Jeremy D. Zechar, & Thomas H. Jordan

Accepted 2010, SCEC Contribution #1216

Rigorous predictability experimentation requires a statistical characterization of the performance metric used in experimental evaluation. Here we explore the statistical properties of the area skill score metric proposed by Zechar & Jordan (2008) and consider issues related to experimental discretization. For the case of continuous alarm functions and continuous observations, we present exact analytical solutions describing the distribution of the area skill score for unskilled predictors, and the approximation of this distribution by a Gaussian with known mean and variance.

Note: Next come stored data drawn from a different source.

lemma coinitial_subset_filtered_iff:
  fixes S T :: "'a::order set"
  assumes "S \<subseteq> T" and coinitial: "\<And>t. t \<in> T \<Longrightarrow> \<exists>s\<in>S. s \<le> t"
  shows "filtered S \<longleftrightarrow> filtered T"
proof
  assume S: "filtered S"
  show "filtered T"
    unfolding filtered_def
  proof (intro conjI ballI)
    show "T \<noteq> {}"
      using S \<open>S \<subseteq> T\<close> by (auto simp: filtered_def)
    fix t1 t2 assume "t1 \<in> T" "t2 \<in> T"
    then obtain s1 s2 where "s1 \<in> S" "s1 \<le> t1" "s2 \<in> S" "s2 \<le> t2"
      using coinitial by meson
    moreover obtain s where "s \<in> S" "s \<le> s1" "s \<le> s2"
      using S calculation unfolding filtered_def by blast
    ultimately show "\<exists>t\<in>T. t \<le> t1 \<and> t \<le> t2"
      using \<open>S \<subseteq> T\<close> by (meson order_trans subsetD)
  qed
next
  assume T: "filtered T"
  show "filtered S"
    unfolding filtered_def
  proof (intro conjI ballI)
    obtain t where "t \<in> T"
      using T by (auto simp: filtered_def)
    then show "S \<noteq> {}"
      using coinitial by blast
    fix s1 s2 assume "s1 \<in> S" "s2 \<in> S"
    then obtain t where "t \<in> T" "t \<le> s1" "t \<le> s2"
      using T \<open>S \<subseteq> T\<close> unfolding filtered_def by blast
    moreover obtain s where "s \<in> S" "s \<le> t"
      using coinitial calculation(1) by blast
    ultimately show "\<exists>s\<in>S. s \<le> s1 \<and> s \<le> s2"
      by (meson order_trans)
  qed
qed
(* Let $N=\{1,\dots,n\}$, $\eta>0$, $B\ge1$ an integer. Let $(A(k))_{k\ge0}$ be $n\times n$ matrices, $x(0)\in\mathbb{R}^n$, and $x(k+1)=A(k)x(k)$. Assume: (i) each $A(k)$ is doubly stochastic with positive diagonal entries and all positive entries at least $\eta$; (ii) for every integer $k\ge0$, every permutation $\sigma$ of $N$ with $x_{\sigma(1)}(kB)\ge\cdots\ge x_{\sigma(n)}(kB)$, and every $d\in\{1,\dots,n-1\}$, either $x_{\sigma(d)}(kB)=x_{\sigma(d+1)}(kB)$, or there exist $t\in\{kB,\dots,(k+1)B-1\}$, $i\in\{\sigma(1),\dots,\sigma(d)\}$, $j\in\{\sigma(d+1),\dots,\sigma(n)\}$ with $(i,j)$ or $(j,i)$ in $\mathcal{E}(A(t))$. Then for every integer $k\ge0$ and every permutation $\sigma$ of $N$ with $x_{\sigma(1)}(kB)\ge\cdots\ge x_{\sigma(n)}(kB)$, \[V(x(kB))-V(x((k+1)B))\ge\frac\eta2\sum_{i=1}^{n-1}\big(x_{\sigma(i)}(kB)-x_{\sigma(i+1)}(kB)\big)^2.\]
   Context: A matrix is doubly stochastic if it is nonnegative with all row and column sums equal to $1$. For a matrix $A=[a_{ij}]$, $\mathcal{E}(A)$ is the set of directed edges $(j,i)$ (including self-edges) with $a_{ij}>0$. For $x\in\mathbb{R}^n$, $\bar x=\frac1n\sum_ix_i$ and $V(x)=\sum_i(x_i-\bar x)^2$. *)

theory Defs
  imports Complex_Main "HOL-Combinatorics.Permutations"
begin

text \<open>Vectors in R^n are functions nat => real indexed by {1..n};
  n x n matrices are functions nat => nat => real, entry (i,j) is M i j.\<close>

definition doubly_stochastic :: "nat \<Rightarrow> (nat \<Rightarrow> nat \<Rightarrow> real) \<Rightarrow> bool" where
  "doubly_stochastic n M \<longleftrightarrow>
     (\<forall>i\<in>{1..n}. \<forall>j\<in>{1..n}. M i j \<ge> 0) \<and>
     (\<forall>i\<in>{1..n}. (\<Sum>j=1..n. M i j) = 1) \<and>
     (\<forall>j\<in>{1..n}. (\<Sum>i=1..n. M i j) = 1)"

definition edges :: "nat \<Rightarrow> (nat \<Rightarrow> nat \<Rightarrow> real) \<Rightarrow> (nat \<times> nat) set" where
  "edges n M = {(j, i). i \<in> {1..n} \<and> j \<in> {1..n} \<and> M i j > 0}"

definition avg :: "nat \<Rightarrow> (nat \<Rightarrow> real) \<Rightarrow> real" where
  "avg n x = (\<Sum>i=1..n. x i) / real n"

definition Vfun :: "nat \<Rightarrow> (nat \<Rightarrow> real) \<Rightarrow> real" where
  "Vfun n x = (\<Sum>i=1..n. (x i - avg n x)^2)"

end

theory Submission
  imports Defs
begin

text \<open>A doubly stochastic step lowers V by the sum over rows l of the spread
  sum_i a_li (x_i - x'_l)^2 of the old values around the new value of l. For a nonzero gap between
  the d-th and (d+1)-st largest values at time kB, look at the first time in the window at which an
  edge crosses the cut between the d largest nodes and the others. Until then neither side has mixed
  with the other, so the upper side still lies above the gap and the lower side below it; the edge
  then yields a row with two entries at least \<eta> on values straddling the gap, whose spread is at
  least \<eta>/2 times the squared gap. Gaps charged to the same row and time lie between the first and
  the last of them, and squares of nonnegative gaps sum to at most the square of their total, so
  each row at each time pays at most once.\<close>

lemma sum_power2_le_power2_sum:
  fixes f :: "'a \<Rightarrow> real"
  assumes "\<And>d. d \<in> F \<Longrightarrow> 0 \<le> f d"
  shows "(\<Sum>d\<in>F. (f d)^2) \<le> (\<Sum>d\<in>F. f d)^2"
  using assms
proof (induction F rule: infinite_finite_induct)
  case (insert a F)
  have "0 \<le> 2 * f a * (\<Sum>d\<in>F. f d)"
    using insert.prems by (simp add: sum_nonneg)
  then show ?case
    using insert by (simp add: power2_sum)
qed simp_all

We also quantify the deviation of the exact area skill score distribution from the Gaussian approximation by specifying the kurtosis excess as a function of the number of observed earthquakes. For predictability experiments involving discretization of the study region, we analyze simulation procedures for estimating the area skill score distribution, and we present efficient algorithms for various experimental scenarios. When more than one of the observed target earthquakes occurs within the same space/time/magnitude cell, the probabilities of predicting these events are not independent, which requires special consideration.

Citation
Zechar, J. D., & Jordan, T. H. (2010). The Area Skill Score Statistic for Evaluating Earthquake Predictability Experiments. Pure and Applied Geophysics, (accepted).